Human trafficking survivor exhibit to raise awareness at Atlanta airport

Hartsfield-Jackson Atlanta International Airport and Delta Air Lines have partnered with Rotary International to bring awareness to human trafficking with the installation of a temporary photography exhibit.
The installation features the Girls Education and Mentoring Services’ “More Than a Survivor” exhibit, with large portraits of human trafficking survivors and their stories on display in the Domestic Terminal atrium through June 22. The exhibit adds to an already-robust presence of anti-human trafficking initiatives launched by the Airport in the past several months.

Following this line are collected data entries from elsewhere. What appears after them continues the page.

theorem fact2p1:
  fixes MH :: "real^3^3" and A B C D L :: "real^3"
  assumes "nondeg_conic MH"
    and "pt A" "pt B" "pt C"
    and "on_conic A MH" "on_conic B MH" "on_conic C MH"
    and "\<not> same_pt A B" "\<not> same_pt A C" "\<not> same_pt B C"
    and "is_line L" "pt D" "on_line D L"
  shows "\<exists>G. pt G \<and> on_conic G MH \<and>
    (\<forall>E ME F.
       pt E \<and> on_conic E MH \<and>
       unique_conic_through ME {A, B, C, D, E} \<and>
       pt F \<and> on_line F L \<and> on_conic F ME \<and> \<not> same_pt D F \<and>
       (\<forall>P. pt P \<and> on_line P L \<and> on_conic P ME \<longrightarrow> same_pt D P \<or> same_pt F P) \<and>
       \<not> same_pt E F
       \<longrightarrow> on_join G E F)"
proof -
  have "\<exists>G. pt G \<and> on_conic G MH \<and> joins_through G MH A B C D L"
  proof (cases "same_pt D A \<or> same_pt D B \<or> same_pt D C")
    case True
    then show ?thesis
      using joins_through_if_D_is_vertex assms by blast
  next
    case D_not_vertex: False
    consider (vertex_on_L) X where "X \<in> {A, B, C}" "on_line X L"
      | (D_on_conic) "on_conic D MH"
      | (generic) "\<not> on_conic D MH" "L \<bullet> A \<noteq> 0" "L \<bullet> B \<noteq> 0" "L \<bullet> C \<noteq> 0"
      by (auto simp: on_line_def)
    then show ?thesis
    proof cases
      case vertex_on_L
      then show ?thesis
        using joins_through_if_vertex_on_line[of X A B C] D_not_vertex assms by blast
    next
      case D_on_conic
      then show ?thesis
        using joins_through_if_D_on_conic assms by metis
    next
      case generic
      then show ?thesis
        using joins_through_generic D_not_vertex assms by metis
    qed
  qed
  then show ?thesis
    unfolding joins_through_def .
qed

end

A projected 27 million people are victims of forced labor and sexual exploitation, and many are transported across domestic and international borders. In the U.S. alone, 1.5 million victims are trafficked, and one woman or child is trafficked into the United States every 10 minutes. Atlanta is now a major transportation hub for trafficking young girls from Mexico and is one of the 14 U.S. cities with the highest levels of sex trafficking of children.

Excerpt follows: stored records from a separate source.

(* Let $d\ge1$, $\alpha\in(0,2)$, and let $K:\mathbb{R}^d\times\mathbb{R}^d\to(0,\infty)$ be positive, $1$-periodic and $C^2$ in $x$, symmetric in $y$, and satisfy, for some $C_K>0$ and for $\mathcal K\in\{K,|D_xK|,|D^2_xK|\}$, $C_K^{-1}\le\mathcal K(x,y)|y|^{d+\alpha}\le C_K$ for all $x,y$. Let $L^\alpha[u](x)=\int_{\mathbb{R}^d}(u(x)-u(x+y))K(x,y)\,dy$. For a real number $\lambda$ let $$h(x,t)=\frac{1}{1+e^{-\lambda t}|x|^{d+\alpha}}.$$ Then there is a constant $D>0$ depending only on $d$ (and $\alpha$) and $K$ such that for all $(x,t)$, $$\big|L^\alpha[h(\cdot,t)](x)\big|\le\frac{De^{-\alpha\lambda t/(d+\alpha)}}{1+e^{-\lambda t}|x|^{d+\alpha}}.$$
   Context: $L^\alpha$ acts in the $x$ variable, with $t$ fixed. *)

theory Defs
  imports "HOL-Analysis.Analysis"
begin

definition Lalpha :: "('a::euclidean_space \<Rightarrow> 'a \<Rightarrow> real) \<Rightarrow> ('a \<Rightarrow> real) \<Rightarrow> 'a \<Rightarrow> real" where
  "Lalpha K u x = Lim (at_right 0)
     (\<lambda>\<epsilon>. LINT y|lborel. indicator {y. \<epsilon> < norm y} y * ((u x - u (x + y)) * K x y))"

end

theory Submission
  imports Defs
begin

text \<open>
  Write p = d + \<alpha> and g(u) = 1 / (1 + |u|^p); then h(\<cdot>, t) = g(a \<cdot>) with a = e^(-\<lambda>t/p).
  Symmetrising the principal value, L^\<alpha> u (x) is the integral of
  (u(x) - (u(x+y) + u(x-y))/2) K(x,y) dy, so the kernel bound K(x,y) \<le> C_K |y|^-p and the
  substitution w = a y reduce the claim to
  \<integral> |g(z) - (g(z+w) + g(z-w))/2| |w|^-p dw \<le> C g(z),
  the rescaling producing the factor a^p a^-d = a^\<alpha>. For |w| \<le> 1 the second difference is
  O(|w|^\<beta> g(z)), with \<beta> = 1 when \<alpha> < 1 and \<beta> = 2 otherwise (then p \<ge> 2 and s \<mapsto> s^(p/2) is
  C^2); since \<beta> > \<alpha>, the singularity |w|^(\<beta>-p) is integrable at 0. For |w| \<ge> 1 it is
  O(g(z) (|w|^-p + g(z+w) + g(z-w))), and each term is integrable uniformly in z. Both
  integrability facts follow by dominating with products of one-dimensional weights of the
  coordinates of w.
\<close>

section \<open>Elementary inequalities\<close>

lemma powr_diff_le_mult_powr:
  fixes a b p :: real
  assumes "0 \<le> b" "b \<le> a" "1 \<le> p"
  shows "a powr p - b powr p \<le> p * a powr (p - 1) * (a - b)"
proof (cases "b = a")
  case False
  then have ba: "b < a" using assms by simp
  have "continuous_on {b..a} (\<lambda>x. x powr p)"
    using assms by (intro continuous_on_powr' continuous_intros) auto
  moreover have "(\<lambda>x. x powr p) differentiable (at x)" if "b < x" for x
    using that assms has_real_derivative_powr[of x p] by (auto simp: real_differentiable_def)
  ultimately obtain l z where z: "b < z" "z < a" "((\<lambda>x. x powr p) has_real_derivative l) (at z)"
      "a powr p - b powr p = (a - b) * l"
    using MVT[OF ba] by blast
  have "l = p * z powr (p - 1)"
    using DERIV_unique[OF z(3) has_real_derivative_powr] z(1) assms by auto
  moreover have "z powr (p - 1) \<le> a powr (p - 1)"
    using z assms by (intro powr_mono2) auto
  then have "(a - b) * (p * z powr (p - 1)) \<le> (a - b) * (p * a powr (p - 1))"
    using ba assms by (intro mult_left_mono) auto
  ultimately show ?thesis
    using z(4) by (simp add: algebra_simps)
qed simp

lemma abs_powr_diff_le:
  fixes a b p :: real
  assumes "0 \<le> a" "0 \<le> b" "1 \<le> p"
  shows "\<bar>a powr p - b powr p\<bar> \<le> p * max a b powr (p - 1) * \<bar>a - b\<bar>"
proof (cases "b \<le> a")
  case True
  then have "b powr p \<le> a powr p" using assms by (intro powr_mono2) auto
  with powr_diff_le_mult_powr[of b a p] True assms show ?thesis by (simp add: max_def)
next
  case False
  then have "a powr p \<le> b powr p" using assms by (intro powr_mono2) auto
  with powr_diff_le_mult_powr[of a b p] False assms show ?thesis by (simp add: max_def)
qed

lemma powr_add_le:
  fixes a b p :: real
  assumes "0 \<le> a" "0 \<le> b" "0 \<le> p"
  shows "(a + b) powr p \<le> 2 powr p * (a powr p + b powr p)"
proof -
  have "(a + b) powr p \<le> (2 * max a b) powr p" using assms by (intro powr_mono2) auto
  also have "\<dots> = 2 powr p * max a b powr p" using assms by (simp add: powr_mult)
  also have "max a b powr p \<le> a powr p + b powr p" by (auto simp: max_def)
  finally show ?thesis by (simp add: mult_left_mono)
qed

lemma powr_le_within_factor_two:
  fixes c t r :: real
  assumes "0 < c" "c / 2 \<le> t" "t \<le> 2 * c"
  shows "t powr r \<le> (2 powr r + 2 powr (- r)) * c powr r"
proof (cases "0 \<le> r")
  case True
  have "t powr r \<le> (2 * c) powr r" using assms True by (intro powr_mono2) auto
  also have "\<dots> = 2 powr r * c powr r" using assms by (simp add: powr_mult)
  finally show ?thesis by (simp add: distrib_right add_increasing2)
next
  case False
  have "t powr r \<le> (c / 2) powr r" using assms False by (intro powr_mono2') auto
  also have "\<dots> = 2 powr (- r) * c powr r" using assms by (simp add: powr_divide powr_minus_divide)
  finally show ?thesis by (simp add: distrib_right add_increasing)
qed

lemma powr_taylor2:
  fixes m c e :: real
  assumes "0 < c" "\<bar>e\<bar> \<le> c / 2" "e \<noteq> 0"
  obtains t where "c / 2 \<le> t" "t \<le> 2 * c"
    "(c + e) powr m = c powr m + m * c powr (m - 1) * e + m * (m - 1) * t powr (m - 2) / 2 * e\<^sup>2"
proof -
  define diff where "diff k = (if k = 0 then (\<lambda>t::real. t powr m)
     else if k = 1 then (\<lambda>t. m * t powr (m - 1)) else (\<lambda>t. m * (m - 1) * t powr (m - 2)))" for k :: nat
  have "DERIV (diff k) t :> diff (Suc k) t" if "k < 2" "c / 2 \<le> t" "t \<le> 2 * c" for k t
  proof -
    have "0 < t" using that assms by auto
    with that show ?thesis
      by (cases "k = 0") (auto simp: diff_def has_real_derivative_powr algebra_simps
          intro!: derivative_eq_intros)
  qed
  moreover have "c / 2 \<le> c" "c \<le> 2 * c" "c / 2 \<le> c + e" "c + e \<le> 2 * c" "c + e \<noteq> c"
    using assms by (auto simp: abs_le_iff)
  ultimately obtain t where t: "if c + e < c then c + e < t \<and> t < c else c < t \<and> t < c + e"
      "(c + e) powr m = (\<Sum>k<2. diff k c / fact k * (c + e - c) ^ k) + diff 2 t / fact 2 * (c + e - c)\<^sup>2"
    using Taylor[of 2 diff "\<lambda>t. t powr m" "c / 2" "2 * c" c "c + e"] by (auto simp: diff_def)
  show thesis
  proof
    show "c / 2 \<le> t" "t \<le> 2 * c" using t(1) assms by (auto simp: abs_le_iff split: if_splits)
    show "(c + e) powr m = c powr m + m * c powr (m - 1) * e + m * (m - 1) * t powr (m - 2) / 2 * e\<^sup>2"
      using t(2) by (simp add: diff_def numeral_2_eq_2)
  qed
qed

In October 2016 nearly 70 people were arrested in Metro Atlanta for international sex trafficking and prostitution. 82 minors were rescued and more than 239 alleged traffickers were arrested. This operation took place at hotels, truck stops, street corners, and many other locations. The Metro Atlanta Child Exploitation Task Force assisted the FBI in Operation Cross Country X – rescuing one juvenile from trafficking, executing two search warrants, and confiscating seven firearms. More arrests took place in the surrounding area with five people arrested in Alpharetta, one person in Dekalb, four in Dunwoody, two in Gwinnett county, two people in Marietta, five people in the Athens and area and one person in Augusta.
Hartsfield-Jackson (ATL) is the world’s most traveled and most efficient airport, serving more than 101 million passengers annually with nonstop service to more than 150 U.S. destinations and nearly 70 international destinations in more than 45 countries. In the wake of the growing awareness of Atlanta’s role as a hub for trafficking, Hartsfield-Jackson launched its “eyes and ears” campaign in January soliciting the more than 100 million passengers traveling through the airport annually to report their suspicions about the prevalence of the trade if they saw any untoward behavior.
The Airport’s efforts were recognized by the World Chamber of Commerce in May.